Your assignment >>
Search the listing for "thesis" and copy every line where it appears.

======== Source data

lemma nn_integral_sheet_kernel_diff_outside_band_le:
  fixes H x y :: "real^'n::finite" and b :: ereal
  assumes H: "\<And>i. 0 < H $ i \<and> H $ i < 1"
    and xy: "\<And>i. \<bar>x $ i\<bar> \<le> m" "\<And>i. \<bar>y $ i\<bar> \<le> m" and m: "1 \<le> m"
    and a: "0 \<le> a" and ab: "ereal a < b"
  shows "(\<integral>\<^sup>+\<xi>. ennreal (indicator {\<xi>. freq_max H \<xi> \<notin> {r. a \<le> r \<and> ereal r < b}} \<xi>
              * (sheet_kernel H p x \<xi> - sheet_kernel H p y \<xi>)\<^sup>2) \<partial>lborel)
    \<le> ennreal (increment_const H m * ((\<Sum>i\<in>UNIV. a powr (1 / H $ i - 1) * \<bar>x $ i - y $ i\<bar>)
                + (if b = \<infinity> then 0 else 1 / real_of_ereal b))\<^sup>2)"
proof -
  define s where "s i = a powr (1 / H $ i - 1) * \<bar>x $ i - y $ i\<bar>" for i
  define t where "t = (if b = \<infinity> then 0 else 1 / real_of_ereal b)"
  define D where "D \<xi> = (sheet_kernel H p x \<xi> - sheet_kernel H p y \<xi>)\<^sup>2" for \<xi>
  have [measurable]: "D \<in> borel_measurable borel" unfolding D_def by measurable
  have s: "0 \<le> s i" for i by (simp add: s_def)
  have t: "0 \<le> t" using a ab by (cases b) (auto simp: t_def)
  have K: "0 \<le> increment_const H m" by (rule increment_const_nonneg[OF H m])
  have high: "(\<integral>\<^sup>+\<xi>. ennreal (indicator {\<xi>. b \<le> ereal (freq_max H \<xi>)} \<xi> * D \<xi>) \<partial>lborel)
      \<le> ennreal (increment_const H m * t\<^sup>2)"
  proof (cases b)
    case (real \<beta>)
    then have "0 < \<beta>" "t = 1 / \<beta>" using a ab by (auto simp: t_def)
    then show ?thesis
      using nn_integral_sheet_kernel_diff_high_le[OF H xy m \<open>0 < \<beta>\<close>, of p] by (simp add: D_def real)
  qed (use ab in simp_all)
  have "indicator {\<xi>. freq_max H \<xi> \<notin> {r. a \<le> r \<and> ereal r < b}} \<xi> * D \<xi>
      = indicator {\<xi>. freq_max H \<xi> < a} \<xi> * D \<xi> + indicator {\<xi>. b \<le> ereal (freq_max H \<xi>)} \<xi> * D \<xi>" for \<xi>
    by (auto simp: indicator_def not_less dest: order.strict_trans2[OF ab])
  then have "(\<integral>\<^sup>+\<xi>. ennreal (indicator {\<xi>. freq_max H \<xi> \<notin> {r. a \<le> r \<and> ereal r < b}} \<xi> * D \<xi>) \<partial>lborel)
      = (\<integral>\<^sup>+\<xi>. ennreal (indicator {\<xi>. freq_max H \<xi> < a} \<xi> * D \<xi>) \<partial>lborel)
        + (\<integral>\<^sup>+\<xi>. ennreal (indicator {\<xi>. b \<le> ereal (freq_max H \<xi>)} \<xi> * D \<xi>) \<partial>lborel)"
    by (subst nn_integral_add[symmetric]) (auto simp: D_def intro!: nn_integral_cong ennreal_plus)
  also have "\<dots> \<le> ennreal (increment_const H m * (\<Sum>i\<in>UNIV. (s i)\<^sup>2)) + ennreal (increment_const H m * t\<^sup>2)"
    using nn_integral_sheet_kernel_diff_low_le[OF H xy m a, of p] high
    unfolding D_def s_def by (rule add_mono)
  also have "\<dots> \<le> ennreal (increment_const H m * ((\<Sum>i\<in>UNIV. s i) + t)\<^sup>2)"
  proof -
    have "(\<Sum>i\<in>UNIV. (s i)\<^sup>2) + t\<^sup>2 \<le> ((\<Sum>i\<in>UNIV. s i) + t)\<^sup>2"
      using sum_squares_le_square_sum[of UNIV s] s mult_nonneg_nonneg[OF sum_nonneg[of UNIV s] t]
      by (simp add: power2_sum)
    then show ?thesis
      using K s t by (simp add: ennreal_plus[symmetric] sum_nonneg distrib_left[symmetric] mult_left_mono)
  qed
  finally show ?thesis unfolding D_def s_def t_def .
qed

section \<open>The fractional Brownian sheet\<close>

lemma fbs_kernel_eq:
  "fbs_kernel H A x k ((p, k'), \<xi>) = (if k' = k \<and> freq_max H \<xi> \<in> A then c_H H * sheet_kernel H p x \<xi> else 0)"
  by (simp add: fbs_kernel_def freq_max_def sheet_kernel_def kernel_factor_def)

lemma fbs_kernel_diff_compl:
  "fbs_kernel H UNIV x k s - fbs_kernel H A x k s = fbs_kernel H (- A) x k s"
  by (cases s) (auto simp: fbs_kernel_eq)

lemma borel_measurable_fbs_kernel:
  fixes H :: "real^'n::finite" and k :: "'d::finite"
  assumes "A \<in> sets borel"
  shows "fbs_kernel H A x k \<in> borel_measurable (count_space UNIV \<Otimes>\<^sub>M (lborel :: (real^'n) measure))"
proof (rule measurable_pair_measure_countable1)
  fix pk :: "('n \<Rightarrow> bool) \<times> 'd"
  show "(\<lambda>\<xi>. fbs_kernel H A x k (pk, \<xi>)) \<in> borel_measurable lborel"
    using assms by (cases pk) (simp add: fbs_kernel_eq)
qed simp

lemma square_integrable_fbs_kernel:
  fixes H x :: "real^'n::finite" and k :: "'d::finite"
  assumes H: "\<And>i. 0 < H $ i \<and> H $ i < 1" and x: "\<And>i. \<bar>x $ i\<bar> \<le> m" and m: "1 \<le> m"
    and A: "A \<in> sets borel"
  shows "square_integrable (count_space UNIV \<Otimes>\<^sub>M lborel) (fbs_kernel H A x k)"
proof -
  let ?S = "count_space UNIV \<Otimes>\<^sub>M (lborel :: (real^'n) measure)"
  have [measurable]: "fbs_kernel H A x k \<in> borel_measurable ?S"
    by (rule borel_measurable_fbs_kernel[OF A])
  have kernel_int: "(\<integral>\<^sup>+\<xi>. ennreal ((fbs_kernel H A x k (pk, \<xi>))\<^sup>2) \<partial>lborel) < top" for pk
  proof -
    obtain p k' where pk: "pk = (p, k')" by (cases pk)
    have "(\<integral>\<^sup>+\<xi>. ennreal ((fbs_kernel H A x k (pk, \<xi>))\<^sup>2) \<partial>lborel)
        \<le> (\<integral>\<^sup>+\<xi>. ennreal ((c_H H)\<^sup>2) * ennreal (\<Prod>j\<in>UNIV. 4 * m\<^sup>2 * kernel_envelope (H $ j) (\<xi> $ j)) \<partial>lborel)"
    proof (intro nn_integral_mono)
      fix \<xi> :: "real^'n"
      have "(fbs_kernel H A x k (pk, \<xi>))\<^sup>2 \<le> (c_H H)\<^sup>2 * (sheet_kernel H p x \<xi>)\<^sup>2"
        by (simp add: pk fbs_kernel_eq power_mult_distrib)
      also have "\<dots> \<le> (c_H H)\<^sup>2 * (\<Prod>j\<in>UNIV. 4 * m\<^sup>2 * kernel_envelope (H $ j) (\<xi> $ j))"
        by (intro mult_left_mono sheet_kernel_sq_le x m) simp
      finally show "ennreal ((fbs_kernel H A x k (pk, \<xi>))\<^sup>2)
          \<le> ennreal ((c_H H)\<^sup>2) * ennreal (\<Prod>j\<in>UNIV. 4 * m\<^sup>2 * kernel_envelope (H $ j) (\<xi> $ j))"
        by (simp add: ennreal_mult'[symmetric] ennreal_leI)
    qed
    also have "\<dots> = ennreal ((c_H H)\<^sup>2) * (\<Prod>j\<in>UNIV. \<integral>\<^sup>+t. ennreal (4 * m\<^sup>2 * kernel_envelope (H $ j) t) \<partial>lborel)"
      using nn_integral_vec_prod[of "\<lambda>j t. 4 * m\<^sup>2 * kernel_envelope (H $ j) t"]
      by (simp add: nn_integral_cmult kernel_envelope_nonneg)
    also have "\<dots> \<le> ennreal ((c_H H)\<^sup>2) * (\<Prod>j\<in>UNIV. ennreal (kernel_mass m (H $ j)))"
      using H by (intro mult_left_mono prod_mono_ennreal nn_integral_scaled_kernel_envelope_le) auto
    also have "\<dots> = ennreal ((c_H H)\<^sup>2 * (\<Prod>j\<in>UNIV. kernel_mass m (H $ j)))"
      using H m order_trans[OF zero_le_one one_le_kernel_mass]
      by (simp add: prod_ennreal ennreal_mult prod_nonneg less_imp_le)
    also have "\<dots> < top" by simp
    finally show ?thesis .
  qed
  have "(\<integral>\<^sup>+s. ennreal ((fbs_kernel H A x k s)\<^sup>2) \<partial>?S) < top"
    using kernel_int
    by (subst nn_integral_finite_count_space_pair) (simp_all add: lborel.sigma_finite_measure_axioms)
  then show ?thesis
    by (simp add: square_integrable_def integrable_iff_bounded power2_abs)
qed

lemma sets_borel_band: "{r::real. a \<le> r \<and> ereal r < b} \<in> sets borel"
proof -
  have "{r::real. ereal r < b} \<in> sets borel" by measurable
  then show ?thesis by measurable
qed

lemma band_rate_nonneg:
  assumes "0 \<le> a" "ereal a < b"
  shows "0 \<le> (\<Sum>i\<in>UNIV. a powr (1 / H $ i - 1) * \<bar>x $ i - y $ i\<bar>) + (if b = \<infinity> then 0 else 1 / real_of_ereal b)"
  using assms by (cases b) (auto intro!: add_nonneg_nonneg sum_nonneg)

lemma integral_fbs_kernel_diff_outside_band_le:
  fixes H x y :: "real^'n::finite" and b :: ereal and k :: "'d::finite"
  assumes H: "\<And>i. 0 < H $ i \<and> H $ i < 1"
    and xy: "\<And>i. \<bar>x $ i\<bar> \<le> m" "\<And>i. \<bar>y $ i\<bar> \<le> m" and m: "1 \<le> m"
    and a: "0 \<le> a" and ab: "ereal a < b"
  defines "A \<equiv> - {r. a \<le> r \<and> ereal r < b}"
  shows "(\<integral>s. (fbs_kernel H A x k s - fbs_kernel H A y k s)\<^sup>2 \<partial>(count_space UNIV \<Otimes>\<^sub>M lborel))
    \<le> CARD(('n \<Rightarrow> bool) \<times> 'd) * (c_H H)\<^sup>2 * increment_const H m
       * ((\<Sum>i\<in>UNIV. a powr (1 / H $ i - 1) * \<bar>x $ i - y $ i\<bar>) + (if b = \<infinity> then 0 else 1 / real_of_ereal b))\<^sup>2"
proof -
  let ?S = "count_space UNIV \<Otimes>\<^sub>M (lborel :: (real^'n) measure)"
  define Q where "Q = increment_const H m
       * ((\<Sum>i\<in>UNIV. a powr (1 / H $ i - 1) * \<bar>x $ i - y $ i\<bar>) + (if b = \<infinity> then 0 else 1 / real_of_ereal b))\<^sup>2"
  define g where "g s = fbs_kernel H A x k s - fbs_kernel H A y k s" for s
  have [measurable]: "g \<in> borel_measurable ?S"
    unfolding g_def A_def using borel_measurable_fbs_kernel sets_borel_band by measurable
  have Q: "0 \<le> Q" unfolding Q_def using increment_const_nonneg[OF H m] by simp
  have slice_bound: "(\<integral>\<^sup>+\<xi>. ennreal ((g (pk, \<xi>))\<^sup>2) \<partial>lborel) \<le> ennreal ((c_H H)\<^sup>2 * Q)" for pk
  proof -
    obtain p k' where pk: "pk = (p, k')" by (cases pk)
    have "(g (pk, \<xi>))\<^sup>2 \<le> (c_H H)\<^sup>2 * (indicator {\<xi>. freq_max H \<xi> \<notin> {r. a \<le> r \<and> ereal r < b}} \<xi>
        * (sheet_kernel H p x \<xi> - sheet_kernel H p y \<xi>)\<^sup>2)" for \<xi>
      by (auto simp: g_def pk fbs_kernel_eq A_def indicator_def power_mult_distrib right_diff_distrib[symmetric])
    then have "(\<integral>\<^sup>+\<xi>. ennreal ((g (pk, \<xi>))\<^sup>2) \<partial>lborel) \<le> (\<integral>\<^sup>+\<xi>. ennreal ((c_H H)\<^sup>2
        * (indicator {\<xi>. freq_max H \<xi> \<notin> {r. a \<le> r \<and> ereal r < b}} \<xi> * (sheet_kernel H p x \<xi> - sheet_kernel H p y \<xi>)\<^sup>2)) \<partial>lborel)"
      by (intro nn_integral_mono ennreal_leI)
    also have "\<dots> \<le> ennreal ((c_H H)\<^sup>2 * Q)"
      unfolding Q_def by (intro nn_integral_cmult_le nn_integral_sheet_kernel_diff_outside_band_le H xy m a ab) auto
    finally show ?thesis .
  qed
  have "(\<integral>\<^sup>+s. ennreal ((g s)\<^sup>2) \<partial>?S) = (\<Sum>pk\<in>UNIV. \<integral>\<^sup>+\<xi>. ennreal ((g (pk, \<xi>))\<^sup>2) \<partial>lborel)"
    by (rule nn_integral_finite_count_space_pair) (simp_all add: lborel.sigma_finite_measure_axioms)
  also have "\<dots> \<le> (\<Sum>pk\<in>(UNIV :: (('n \<Rightarrow> bool) \<times> 'd) set). ennreal ((c_H H)\<^sup>2 * Q))"
    by (rule sum_mono) (rule slice_bound)
  also have "\<dots> = ennreal (CARD(('n \<Rightarrow> bool) \<times> 'd) * (c_H H)\<^sup>2 * Q)"
    using Q by (simp add: ennreal_of_nat_eq_real_of_nat ennreal_mult'[symmetric] mult.assoc)
  finally have "(\<integral>s. (g s)\<^sup>2 \<partial>?S) \<le> CARD(('n \<Rightarrow> bool) \<times> 'd) * (c_H H)\<^sup>2 * Q"
    using Q by (subst integral_eq_nn_integral) (auto intro: enn2real_leI)
  then show ?thesis by (simp add: g_def Q_def mult.assoc)
qed

lemma fbs_eq_fbs_part_UNIV: "fbs H W = fbs_part H W UNIV"
  by (simp add: fbs_def fbs_part_def fun_eq_iff)

lemma fbs_part_component_measurable:
  fixes H x :: "real^'n::finite" and k :: "'d::finite"
  assumes "\<And>i. 0 < H $ i \<and> H $ i < 1" "white_noise_family P W"
    and "\<And>i. \<bar>x $ i\<bar> \<le> m" "1 \<le> m" "A \<in> sets borel"
  shows "(\<lambda>\<omega>. fbs_part H W A x \<omega> $ k) \<in> borel_measurable P"
  using isonormal_measurable[OF _ square_integrable_fbs_kernel[OF assms(1,3-5)]] assms(2)
  by (simp add: fbs_part_def white_noise_family_def)

lemma fbs_part_compl_AE:
  fixes H x :: "real^'n::finite" and k :: "'d::finite"
  assumes H: "\<And>i. 0 < H $ i \<and> H $ i < 1" and W: "white_noise_family P W"
    and x: "\<And>i. \<bar>x $ i\<bar> \<le> m" and m: "1 \<le> m" and A: "A \<in> sets borel"
  shows "AE \<omega> in P. W (fbs_kernel H (- A) x k) \<omega> = fbs_part H W UNIV x \<omega> $ k - fbs_part H W A x \<omega> $ k"
proof -
  have iso: "isonormal P (count_space UNIV \<Otimes>\<^sub>M lborel) W" using W by (simp add: white_noise_family_def)
  have "AE \<omega> in P. W (\<lambda>s. fbs_kernel H UNIV x k s - fbs_kernel H A x k s) \<omega>
      = W (fbs_kernel H UNIV x k) \<omega> - W (fbs_kernel H A x k) \<omega>"
    by (intro isonormal_diff[OF iso] square_integrable_fbs_kernel[OF H x m] A) simp
  then show ?thesis by (simp add: fbs_part_def fbs_kernel_diff_compl)
qed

================

Exercise result >>
    then show ?thesis
    then show ?thesis
  finally show ?thesis unfolding D_def s_def t_def .
    finally show ?thesis .
  then show ?thesis
  then show ?thesis by measurable
    finally show ?thesis .
  then show ?thesis by (simp add: g_def Q_def mult.assoc)
  then show ?thesis by (simp add: fbs_part_def fbs_kernel_diff_compl)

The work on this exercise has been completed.